Massachusetts Judge Rejects Auto Insurance Class Actions Over Diminished Value

July 17, 2023

A judge in Massachusetts denied class certifications for claimants seeking payments from two insurers for the lost resale value of their motor vehicles that were damaged in accidents and then repaired.

Suffolk County Superior Court Justice Kenneth W. Salinger ruled that the damage and liability determinations being sought require individualized proof and cannot be addressed through class actions.

Plaintiffs Jarret McGilloway, Linda Estrella and Adam Ercolini sought class certifications for their claims against Safety Insurance Co. and the Commerce Insurance Co.

The two insurers allowed plaintiffs’ claims for third-party collision damage and paid to repair their vehicles and restore them to their prior condition, but did not pay for alleged loss of resale value.

The plaintiffs moved for class certifications on their claims for breach of contract and for violation of the state’s consumer protection law. They filed separate motions, seeking certification of one class with claims against Safety and a separate class with claims against Commerce.

The proposed class with claims against Safety would have at least 26,000 members, while the class asserting claims against Commerce would have roughly 470,000 members.

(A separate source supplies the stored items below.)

(* Let $n,r,m,d,p$ be positive integers and $T>0$. Let $\mathbf{J}\in\mathbb{R}^{n\times n}$ be skew-symmetric, $\mathbf{R}\in\mathbb{R}^{n\times n}$ symmetric positive semi-definite, $\mathbf{B}\in\mathbb{R}^{n\times m}$, $\mathbf{u}:[0,T]\to\mathbb{R}^m$ an input, and let the Hamiltonian be $H(\mathbf{x})=\tfrac12\mathbf{x}^\intercal\mathbf{Q}\mathbf{x}+\mathbf{c}^\intercal\mathbf{h}(\mathbf{x})$ with $\mathbf{Q}\in\mathbb{R}^{n\times n}$, $\mathbf{c}\in\mathbb{R}^d$ and a continuously differentiable $\mathbf{h}:\mathbb{R}^n\to\mathbb{R}^d$ with Jacobian $J_h(\mathbf{x})\in\mathbb{R}^{d\times n}$. Let $\mathbf{x}:[0,T]\to\mathbb{R}^n$ be the state of the full-order port-Hamiltonian system $$\dot{\mathbf{x}}(t)=(\mathbf{J}-\mathbf{R})\nabla_{\mathbf{x}}H(\mathbf{x}(t))+\mathbf{B}\mathbf{u}(t),\qquad \mathbf{y}(t)=\mathbf{B}^\intercal\nabla_{\mathbf{x}}H(\mathbf{x}(t)),\qquad \mathbf{x}(0)=\mathbf{x}^0 .$$ Let $\boldsymbol{\Phi}\in\mathbb{R}^{n\times r}$ have orthonormal columns, let $\mathbf{D}_r=\mathbf{J}_r-\mathbf{R}_r$ with $\mathbf{J}_r,\mathbf{R}_r\in\mathbb{R}^{r\times r}$, $\mathbf{B}_r\in\mathbb{R}^{r\times m}$, let $\boldsymbol{\Psi}\in\mathbb{R}^{d\times p}$ have orthonormal columns, $\mathbf{P}=[\mathbf{e}_{\wp_1},\dots,\mathbf{e}_{\wp_p}]\in\mathbb{R}^{d\times p}$ with distinct indices $\wp_i\in\{1,\dots,d\}$ such that $\mathbf{P}^\intercal\boldsymbol{\Psi}$ is invertible, and $\mathbb{P}=\boldsymbol{\Psi}(\mathbf{P}^\intercal\boldsymbol{\Psi})^{-1}\mathbf{P}^\intercal$. Let $\mathbf{x}_r:[0,T]\to\mathbb{R}^r$ be the state of the reduced model $$\dot{\mathbf{x}}_r(t)=\mathbf{D}_r\nabla_{\mathbf{x}_r}H_{h_r}(\mathbf{x}_r(t))+\mathbf{B}_r\mathbf{u}(t),\qquad \mathbf{y}_r(t)=\mathbf{B}_r^\intercal\nabla_{\mathbf{x}_r}H_{h_r}(\mathbf{x}_r(t)),\qquad \mathbf{x}_r(0)=\boldsymbol{\Phi}^\intercal\mathbf{x}^0,$$ where $\nabla_{\mathbf{x}_r}H_{h_r}(\mathbf{x}_r)=\boldsymbol{\Phi}^\intercal\mathbf{Q}\boldsymbol{\Phi}\mathbf{x}_r+\boldsymbol{\Phi}^\intercal J_h^\intercal(\boldsymbol{\Phi}\mathbf{x}_r)\mathbb{P}^\intercal\mathbf{c}$. Let $\mathcal{D}_t[\mathbf{x}]:[0,T]\to\mathbb{R}^n$ be a given approximation of the time derivative $\dot{\mathbf{x}}$ (e.g. a finite-difference approximation). Suppose $\nabla_{\mathbf{x}}H$ and $J_h$ are both Lipschitz continuous. Then $$\int_0^T\|\mathbf{x}-\boldsymbol{\Phi}\mathbf{x}_r\|^2\,dt\le C(T)\Big(\int_0^T\|\mathbf{x}-\boldsymbol{\Phi}\boldsymbol{\Phi}^\intercal\mathbf{x}\|^2dt+\int_0^T\|\dot{\mathbf{x}}-\mathcal{D}_t[\mathbf{x}]\|^2dt+\int_0^T\|\boldsymbol{\Phi}^\intercal\mathcal{D}_t[\mathbf{x}]-\mathbf{D}_r\boldsymbol{\Phi}^\intercal\nabla_{\mathbf{x}}H(\mathbf{x})-\mathbf{B}_r\mathbf{u}(t)\|^2dt+\int_0^T\|(\mathbf{I}-\mathbb{P})J_h(\boldsymbol{\Phi}\boldsymbol{\Phi}^\intercal\mathbf{x})\boldsymbol{\Phi}\|^2dt\Big),$$ where $C(T)=\max\{1+C_2^2T\alpha(T),\,C_3^2T\alpha(T),\,T\alpha(T)\}$, with $C_1=\mu(\boldsymbol{\Phi}\mathbf{D}_r\boldsymbol{\Phi}^\intercal\mathbf{Q})+\|\mathbf{D}_r\boldsymbol{\Phi}^\intercal\|\,\mathcal{C}_{\mathrm{Lip}}[J_h]\,\|(\mathbf{P}^\intercal\boldsymbol{\Psi})^{-1}\|\,\|\mathbf{c}\|$, $C_2=\|\mathbf{D}_r\boldsymbol{\Phi}^\intercal\|\,\mathcal{C}_{\mathrm{Lip}}[\nabla_{\mathbf{x}}H]$, $C_3=\|\mathbf{D}_r\|\,\|\mathbf{c}\|$, and $\alpha(T)=4\int_0^Te^{2C_1(T-\tau)}\,d\tau$.
   Context: $\|\cdot\|$ denotes the Euclidean norm on vectors and the induced (spectral) norm on matrices; $\langle\cdot,\cdot\rangle$ is the Euclidean inner product. For a map $f$ between normed spaces, $\mathcal{C}_{\mathrm{Lip}}[f]=\sup_{\mathbf{u}\ne\mathbf{v}}\|f(\mathbf{u})-f(\mathbf{v})\|/\|\mathbf{u}-\mathbf{v}\|$ is its Lipschitz constant. The logarithmic norm of a square matrix $\mathbf{A}$ is $\mu(\mathbf{A})=\sup_{\mathbf{x}\ne0}\Re\langle\mathbf{x},\mathbf{A}\mathbf{x}\rangle/\langle\mathbf{x},\mathbf{x}\rangle$. $\mathbf{e}_i$ denotes the $i$th unit vector of $\mathbb{R}^d$. *)

theory Defs
  imports "HOL-Analysis.Analysis"
begin

definition opnorm :: "real^'n^'m \<Rightarrow> real" where
  "opnorm A = onorm (\<lambda>x. A *v x)"

definition lipconst :: "('a::real_normed_vector \<Rightarrow> 'b::real_normed_vector) \<Rightarrow> real" where
  "lipconst f = Sup {norm (f u - f v) / norm (u - v) | u v. u \<noteq> v}"

definition lipconst_op :: "('a::real_normed_vector \<Rightarrow> real^'n^'m) \<Rightarrow> real" where
  "lipconst_op F = Sup {opnorm (F u - F v) / norm (u - v) | u v. u \<noteq> v}"

definition lognorm :: "real^'n^'n \<Rightarrow> real" where
  "lognorm A = Sup {(x \<bullet> (A *v x)) / (x \<bullet> x) | x. x \<noteq> 0}"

The kind of loss that plaintiffs sought to recover is known as inherent diminished value or IDV. This term refers to “the concept that a vehicle’s fair market value may be less following a collision and repairs” and it equals the “difference between the resale market value of a motor vehicle immediately before a collision and the vehicle’s market value after a collision and subsequent repairs.”

The class action move followed a 2018 Massachusetts Supreme Judicial Court ruling that the standard Massachusetts auto policy required insurers to pay third-party collision damage claims for IDV to vehicles that are damaged and subsequently repaired.